— Что? — выдавливает из себя Надежда.
— А я останусь преподавателем в университете, — пожимаю плечами. — С одним окладом, и которого я еще и алименты буду платить.
— Что? — вновь спрашивает Надежда.
— Иначе бы я не смог, — отстраненно вздыхаю. и перевожу взгляд на пыльную люстру. — Да и надо сказать, я устал от всей этой головной боли с бизнесом, ответственностью… У меня-то и проблемы со здоровьем начались из-за этих нервов. Буду преподавать, жить спокойно.
— Это ведь твой ребенок!
— Я же не отказываюсь от него, Надежда, — невесело хмыкаю. — Я буду платить алименты на всех своих детей. На каждого, — перевожу спокойный взгляд на Анастасию, — а я напоминаю, что у меня их трое.

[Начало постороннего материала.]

(* Let $G=(V,E)$ be a finite graph and suppose $r\in R(V)$ is an isoperimetric order on $V$ for $G$ which has initial-segment closure. Then \[ b(G) = \min_{r' \in R(V)} \max_{0 \le k \le |V|} |B_G(r'_k)|. \]
   Context: An order of $V$ is a bijection $r:V\to\{0,\ldots,|V|-1\}$; $R(V)$ denotes the set of all orders. For an order $r$ and $0\le k\le |V|$, the $k$-th initial segment is $r_k = r^{-1}(\{0,\ldots,k-1\})$. The graph bandwidth is $b(G)=\min_{r\in R(V)}\max_{\{v,w\}\in E}|r(v)-r(w)|$. For $W\subseteq V$, the vertex boundary $B_G(W)$ is the set of vertices in $V\setminus W$ adjacent to some vertex of $W$, and the vertex boundary closure is $C_G(W)=W\cup B_G(W)$. An order $r$ is an isoperimetric order on $V$ for $G$ if for every order $r'$ of $V$ and every $0\le k\le |V|$, $|B_G(r_k)|\le |B_G(r'_k)|$. An order $r$ has initial-segment closure if for every $k$, $C_G(r_k)$ is itself an initial segment of $r$ (i.e. equals $r_{k'}$ for some $k'$). *)

theory Defs
  imports Main
begin

definition fin_graph :: "'a set \<Rightarrow> 'a set set \<Rightarrow> bool" where
  "fin_graph V E \<longleftrightarrow> finite V \<and>
     (\<forall>e\<in>E. \<exists>v w. e = {v, w} \<and> v \<noteq> w \<and> v \<in> V \<and> w \<in> V)"

definition is_order :: "'a set \<Rightarrow> ('a \<Rightarrow> nat) \<Rightarrow> bool" where
  "is_order V r \<longleftrightarrow> bij_betw r V {0..<card V}"

definition init_seg :: "'a set \<Rightarrow> ('a \<Rightarrow> nat) \<Rightarrow> nat \<Rightarrow> 'a set" where
  "init_seg V r k = {v \<in> V. r v < k}"

definition vboundary :: "'a set \<Rightarrow> 'a set set \<Rightarrow> 'a set \<Rightarrow> 'a set" where
  "vboundary V E W = {v \<in> V - W. \<exists>w\<in>W. {v, w} \<in> E}"

definition vclosure :: "'a set \<Rightarrow> 'a set set \<Rightarrow> 'a set \<Rightarrow> 'a set" where
  "vclosure V E W = W \<union> vboundary V E W"

text \<open>Bandwidth; the max over an empty edge set is taken to be 0.\<close>
definition bandwidth :: "'a set \<Rightarrow> 'a set set \<Rightarrow> nat" where
  "bandwidth V E = Min ((\<lambda>r. Max (insert 0
       {nat \<bar>int (r v) - int (r w)\<bar> | v w. {v, w} \<in> E})) ` {r. is_order V r})"

definition isoperimetric_order :: "'a set \<Rightarrow> 'a set set \<Rightarrow> ('a \<Rightarrow> nat) \<Rightarrow> bool" where
  "isoperimetric_order V E r \<longleftrightarrow> is_order V r \<and>
     (\<forall>r'. is_order V r' \<longrightarrow> (\<forall>k \<le> card V.
        card (vboundary V E (init_seg V r k)) \<le> card (vboundary V E (init_seg V r' k))))"

definition initial_segment_closure :: "'a set \<Rightarrow> 'a set set \<Rightarrow> ('a \<Rightarrow> nat) \<Rightarrow> bool" where
  "initial_segment_closure V E r \<longleftrightarrow>
     (\<forall>k \<le> card V. \<exists>k' \<le> card V. vclosure V E (init_seg V r k) = init_seg V r k')"

end

theory Submission
  imports Defs
begin

text \<open>Every boundary vertex of the initial segment r_k of an order r is joined to a vertex at a
  position below k, so it occupies one of the positions k, ..., k + w - 1, where w is the
  bandwidth of r; hence no initial segment of r has more than w boundary vertices. An
  isoperimetric order r minimises the largest such boundary over all orders. If moreover the
  closure of each r_k is an initial segment, it must be r_(k + |B(r_k)|); for an edge vw with
  r v < r w the vertex w lies in the boundary of r_(r v + 1), so r w - r v is at most that
  boundary size. So the bandwidth of r equals its largest boundary, and both minima are
  attained at r.\<close>

definition order_bandwidth :: "'a set \<Rightarrow> 'a set set \<Rightarrow> ('a \<Rightarrow> nat) \<Rightarrow> nat" where
  "order_bandwidth V E r = Max (insert 0 {nat \<bar>int (r v) - int (r w)\<bar> | v w. {v, w} \<in> E})"

definition max_seg_boundary :: "'a set \<Rightarrow> 'a set set \<Rightarrow> ('a \<Rightarrow> nat) \<Rightarrow> nat" where
  "max_seg_boundary V E r = Max ((\<lambda>k. card (vboundary V E (init_seg V r k))) ` {0..card V})"

lemma bandwidth_eq_Min_order_bandwidth:
  "bandwidth V E = Min (order_bandwidth V E ` {r. is_order V r})"
  by (simp add: bandwidth_def order_bandwidth_def)

lemma fin_graph_edge_vertices:
  assumes "fin_graph V E" "{v, w} \<in> E"
  shows "v \<in> V" "w \<in> V"
  using assms by (auto simp: fin_graph_def doubleton_eq_iff)

lemma order_less_card:
  assumes "is_order V r" "v \<in> V"
  shows "r v < card V"
  using assms by (auto simp: is_order_def bij_betw_def)

lemma card_init_seg:
  assumes "is_order V r" "k \<le> card V"
  shows "card (init_seg V r k) = k"
proof -
  have img: "r ` V = {0..<card V}" and inj: "inj_on r V"
    using assms(1) by (auto simp: is_order_def bij_betw_def)
  have "r ` init_seg V r k = {0..<k}"
  proof
    show "{0..<k} \<subseteq> r ` init_seg V r k"
      using img assms(2) by (force simp: init_seg_def)
  qed (auto simp: init_seg_def)
  moreover have "inj_on r (init_seg V r k)"
    using inj by (rule inj_on_subset) (auto simp: init_seg_def)
  ultimately show ?thesis
    by (metis card_atLeastLessThan card_image diff_zero)
qed

lemma card_order_preimage_interval:
  assumes "is_order V r"
  shows "card {v \<in> V. a \<le> r v \<and> r v < b} \<le> b - a"
proof -
  have inj: "inj_on r V"
    using assms by (simp add: is_order_def bij_betw_def)
  have "card {v \<in> V. a \<le> r v \<and> r v < b} \<le> card {a..<b}"
    by (rule card_inj_on_le) (auto intro: inj_on_subset[OF inj])
  then show ?thesis
    by simp
qed

lemma finite_edge_stretches:
  assumes "fin_graph V E"
  shows "finite {nat \<bar>int (r v) - int (r w)\<bar> | v w. {v, w} \<in> E}"
proof (rule finite_subset)
  show "{nat \<bar>int (r v) - int (r w)\<bar> | v w. {v, w} \<in> E}
      \<subseteq> (\<lambda>(v, w). nat \<bar>int (r v) - int (r w)\<bar>) ` (V \<times> V)"
  proof
    fix x
    assume "x \<in> {nat \<bar>int (r v) - int (r w)\<bar> | v w. {v, w} \<in> E}"
    then obtain v w where "{v, w} \<in> E" "x = nat \<bar>int (r v) - int (r w)\<bar>"
      by blast
    then show "x \<in> (\<lambda>(v, w). nat \<bar>int (r v) - int (r w)\<bar>) ` (V \<times> V)"
      using fin_graph_edge_vertices[OF assms] by (intro image_eqI[where x = "(v, w)"]) auto
  qed
  show "finite ((\<lambda>(v, w). nat \<bar>int (r v) - int (r w)\<bar>) ` (V \<times> V))"
    using assms by (simp add: fin_graph_def)
qed

lemma order_bandwidth_le_iff:
  assumes "fin_graph V E"
  shows "order_bandwidth V E r \<le> m \<longleftrightarrow>
    (\<forall>v w. {v, w} \<in> E \<longrightarrow> nat \<bar>int (r v) - int (r w)\<bar> \<le> m)"
  using finite_edge_stretches[OF assms] by (auto simp: order_bandwidth_def)

lemma edge_stretch_le_order_bandwidth:
  assumes "fin_graph V E" "{v, w} \<in> E"
  shows "nat \<bar>int (r v) - int (r w)\<bar> \<le> order_bandwidth V E r"
  using order_bandwidth_le_iff[OF assms(1)] assms(2) by blast

lemma order_bandwidth_le_card:
  assumes "fin_graph V E" "is_order V r"
  shows "order_bandwidth V E r \<le> card V"
  unfolding order_bandwidth_le_iff[OF assms(1)]
proof (intro allI impI)
  fix v w
  assume "{v, w} \<in> E"
  then have "r v < card V" "r w < card V"
    using fin_graph_edge_vertices[OF assms(1)] order_less_card[OF assms(2)] by blast+
  then show "nat \<bar>int (r v) - int (r w)\<bar> \<le> card V"
    by linarith
qed

lemma max_seg_boundary_le_iff:
  "max_seg_boundary V E r \<le> m \<longleftrightarrow>
    (\<forall>k \<le> card V. card (vboundary V E (init_seg V r k)) \<le> m)"
  by (auto simp: max_seg_boundary_def)

lemma card_vboundary_le_max_seg_boundary:
  assumes "k \<le> card V"
  shows "card (vboundary V E (init_seg V r k)) \<le> max_seg_boundary V E r"
  using assms max_seg_boundary_le_iff by blast

lemma max_seg_boundary_le_card:
  assumes "finite V"
  shows "max_seg_boundary V E r \<le> card V"
  unfolding max_seg_boundary_le_iff
proof (intro allI impI)
  fix k
  show "card (vboundary V E (init_seg V r k)) \<le> card V"
    using assms by (intro card_mono) (auto simp: vboundary_def)
qed

lemma vboundary_init_seg_subset:
  assumes "fin_graph V E"
  shows "vboundary V E (init_seg V r k)
    \<subseteq> {v \<in> V. k \<le> r v \<and> r v < k + order_bandwidth V E r}"
proof
  fix v
  assume "v \<in> vboundary V E (init_seg V r k)"
  then obtain w where v: "v \<in> V" "k \<le> r v" and w: "r w < k" "{v, w} \<in> E"
    by (auto simp: vboundary_def init_seg_def)
  have "nat \<bar>int (r v) - int (r w)\<bar> \<le> order_bandwidth V E r"
    using edge_stretch_le_order_bandwidth[OF assms w(2)] .
  with v w(1) show "v \<in> {v \<in> V. k \<le> r v \<and> r v < k + order_bandwidth V E r}"
    by auto
qed

lemma max_seg_boundary_le_order_bandwidth:
  assumes "fin_graph V E" "is_order V r"
  shows "max_seg_boundary V E r \<le> order_bandwidth V E r"
  unfolding max_seg_boundary_le_iff
proof (intro allI impI)
  fix k
  have "finite V"
    using assms(1) by (simp add: fin_graph_def)
  then have "card (vboundary V E (init_seg V r k))
      \<le> card {v \<in> V. k \<le> r v \<and> r v < k + order_bandwidth V E r}"
    by (intro card_mono vboundary_init_seg_subset[OF assms(1)]) auto
  also have "\<dots> \<le> order_bandwidth V E r"
    using card_order_preimage_interval[OF assms(2)] by (metis add_diff_cancel_left')
  finally show "card (vboundary V E (init_seg V r k)) \<le> order_bandwidth V E r" .
qed

lemma isoperimetric_order_max_seg_boundary_le:
  assumes "isoperimetric_order V E r" "is_order V r'"
  shows "max_seg_boundary V E r \<le> max_seg_boundary V E r'"
  unfolding max_seg_boundary_le_iff
proof (intro allI impI)
  fix k
  assume k: "k \<le> card V"
  then have "card (vboundary V E (init_seg V r k)) \<le> card (vboundary V E (init_seg V r' k))"
    using assms by (simp add: isoperimetric_order_def)
  also have "\<dots> \<le> max_seg_boundary V E r'"
    using k by (rule card_vboundary_le_max_seg_boundary)
  finally show "card (vboundary V E (init_seg V r k)) \<le> max_seg_boundary V E r'" .
qed

lemma card_vclosure_init_seg:
  assumes "finite V" "is_order V r" "k \<le> card V"
  shows "card (vclosure V E (init_seg V r k)) = k + card (vboundary V E (init_seg V r k))"
proof -
  have "card (init_seg V r k \<union> vboundary V E (init_seg V r k))
      = card (init_seg V r k) + card (vboundary V E (init_seg V r k))"
    using assms(1) by (intro card_Un_disjoint) (auto simp: vboundary_def init_seg_def)
  then show ?thesis
    by (simp add: vclosure_def card_init_seg[OF assms(2,3)])
qed

lemma vclosure_init_seg_index:
  assumes "finite V" "is_order V r" "k \<le> card V" "k' \<le> card V"
    and "vclosure V E (init_seg V r k) = init_seg V r k'"
  shows "k' = k + card (vboundary V E (init_seg V r k))"
  using card_vclosure_init_seg[OF assms(1-3), of E] card_init_seg[OF assms(2,4)] assms(5)
  by simp

lemma order_bandwidth_le_max_seg_boundary:
  assumes "fin_graph V E" "is_order V r" "initial_segment_closure V E r"
  shows "order_bandwidth V E r \<le> max_seg_boundary V E r"
proof -
  have stretch: "r w - r v \<le> max_seg_boundary V E r"
    if e: "{v, w} \<in> E" and lt: "r v < r w" for v w
  proof -
    define k where "k = Suc (r v)"
    have "w \<in> V"
      using fin_graph_edge_vertices[OF assms(1) e] by simp
    then have k: "k \<le> card V"
      using order_less_card[OF assms(2)] lt by (simp add: k_def Suc_le_eq less_trans)
    then obtain k' where k': "k' \<le> card V" "vclosure V E (init_seg V r k) = init_seg V r k'"
      using assms(3) by (auto simp: initial_segment_closure_def)
    have "w \<in> vboundary V E (init_seg V r k)"
      using \<open>w \<in> V\<close> e lt fin_graph_edge_vertices[OF assms(1) e]
      by (auto simp: vboundary_def init_seg_def k_def insert_commute)
    then have "r w < k'"
      using k'(2) by (auto simp: vclosure_def init_seg_def)
    moreover have "k' = k + card (vboundary V E (init_seg V r k))"
      using assms(1,2) k k' by (intro vclosure_init_seg_index) (auto simp: fin_graph_def)
    moreover have "card (vboundary V E (init_seg V r k)) \<le> max_seg_boundary V E r"
      using k by (rule card_vboundary_le_max_seg_boundary)
    ultimately show ?thesis
      by (simp add: k_def)
  qed
  show ?thesis
    unfolding order_bandwidth_le_iff[OF assms(1)]
  proof (intro allI impI)
    fix v w
    assume e: "{v, w} \<in> E"
    then have e': "{w, v} \<in> E"
      by (simp add: insert_commute)
    consider "r v < r w" | "r w < r v" | "r v = r w"
      by linarith
    then show "nat \<bar>int (r v) - int (r w)\<bar> \<le> max_seg_boundary V E r"
      by cases (use stretch[OF e] stretch[OF e'] in auto)
  qed
qed

lemma Min_image_eq_attained:
  fixes f :: "'a \<Rightarrow> nat"
  assumes "\<And>y. y \<in> A \<Longrightarrow> f y \<le> c" "x \<in> A" "\<And>y. y \<in> A \<Longrightarrow> f x \<le> f y"
  shows "Min (f ` A) = f x"
proof (rule Min_eqI)
  have "f ` A \<subseteq> {..c}"
    using assms(1) by blast
  then show "finite (f ` A)"
    by (rule finite_subset) simp
  show "\<And>y. y \<in> f ` A \<Longrightarrow> f x \<le> y"
    using assms(3) by blast
  show "f x \<in> f ` A"
    using assms(2) by blast
qed

theorem lemma3:
  assumes "fin_graph V E"
    and "isoperimetric_order V E r"
    and "initial_segment_closure V E r"
  shows "bandwidth V E =
    Min ((\<lambda>r'. Max ((\<lambda>k. card (vboundary V E (init_seg V r' k))) ` {0..card V}))
           ` {r'. is_order V r'})"
proof -
  have r: "is_order V r"
    using assms(2) by (simp add: isoperimetric_order_def)
  have finite: "finite V"
    using assms(1) by (simp add: fin_graph_def)
  have optimal: "max_seg_boundary V E r \<le> max_seg_boundary V E r'" if "is_order V r'" for r'
    using isoperimetric_order_max_seg_boundary_le[OF assms(2) that] .
  have bw_r: "order_bandwidth V E r = max_seg_boundary V E r"
    using max_seg_boundary_le_order_bandwidth[OF assms(1) r]
      order_bandwidth_le_max_seg_boundary[OF assms(1) r assms(3)] by simp
  have "bandwidth V E = order_bandwidth V E r"
    unfolding bandwidth_eq_Min_order_bandwidth
  proof (rule Min_image_eq_attained)
    fix r'
    assume "r' \<in> {r'. is_order V r'}"
    then have r': "is_order V r'"
      by simp
    show "order_bandwidth V E r' \<le> card V"
      using order_bandwidth_le_card[OF assms(1) r'] .
    show "order_bandwidth V E r \<le> order_bandwidth V E r'"
      using bw_r optimal[OF r'] max_seg_boundary_le_order_bandwidth[OF assms(1) r'] by simp
  qed (use r in simp)
  also have "\<dots> = Min (max_seg_boundary V E ` {r'. is_order V r'})"
    using Min_image_eq_attained[of "{r'. is_order V r'}" "max_seg_boundary V E" "card V" r]
      max_seg_boundary_le_card[OF finite] r optimal bw_r by simp
  finally show ?thesis
    by (simp add: max_seg_boundary_def)
qed

end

— Ты не посмеешь! — у Надежды прорезается голосок. — Да как ты можешь?! Как ты… Он же твой!
— А что ты так кричишь, Надежда? — вопросительно приподнимаю бровь. — Ты надеялась на что-то другое? Я же говорю, иначе я не могу. Я хочу спать спокойно и не чувствовать вины перед своими уже рожденными детьми, у которых папка оказался круглым идиотом. Все имеет свою цену.
— А как же наш?! — взвизгивает Надежда.
— У нас вот есть бабуля, — смотрю на Анастасию, которая идет красными пятнами злости. — С дедулей. Ничего, возьмет дедуля еще несколько ночных смен. Так и поднимем ребенка, да? Алименты буду платить в срок.
— Ты этой стерве все оставляешь? — шипит Надежда. — А нам побираться?
— Так именно с этой стервой я и поднялся, — недобро щурюсь. — И эта стерва не должна тебя больше волновать, как и мои дети. Не надо им писать или звонить.
— Я и не писала…
— Не лги мне, — встаю. — Хватит, Надежда. Я ведь не раз говорил на лекциях, что важно правильно оценивать риски любого дела. Твой бизнес-план был изначально сомнительным…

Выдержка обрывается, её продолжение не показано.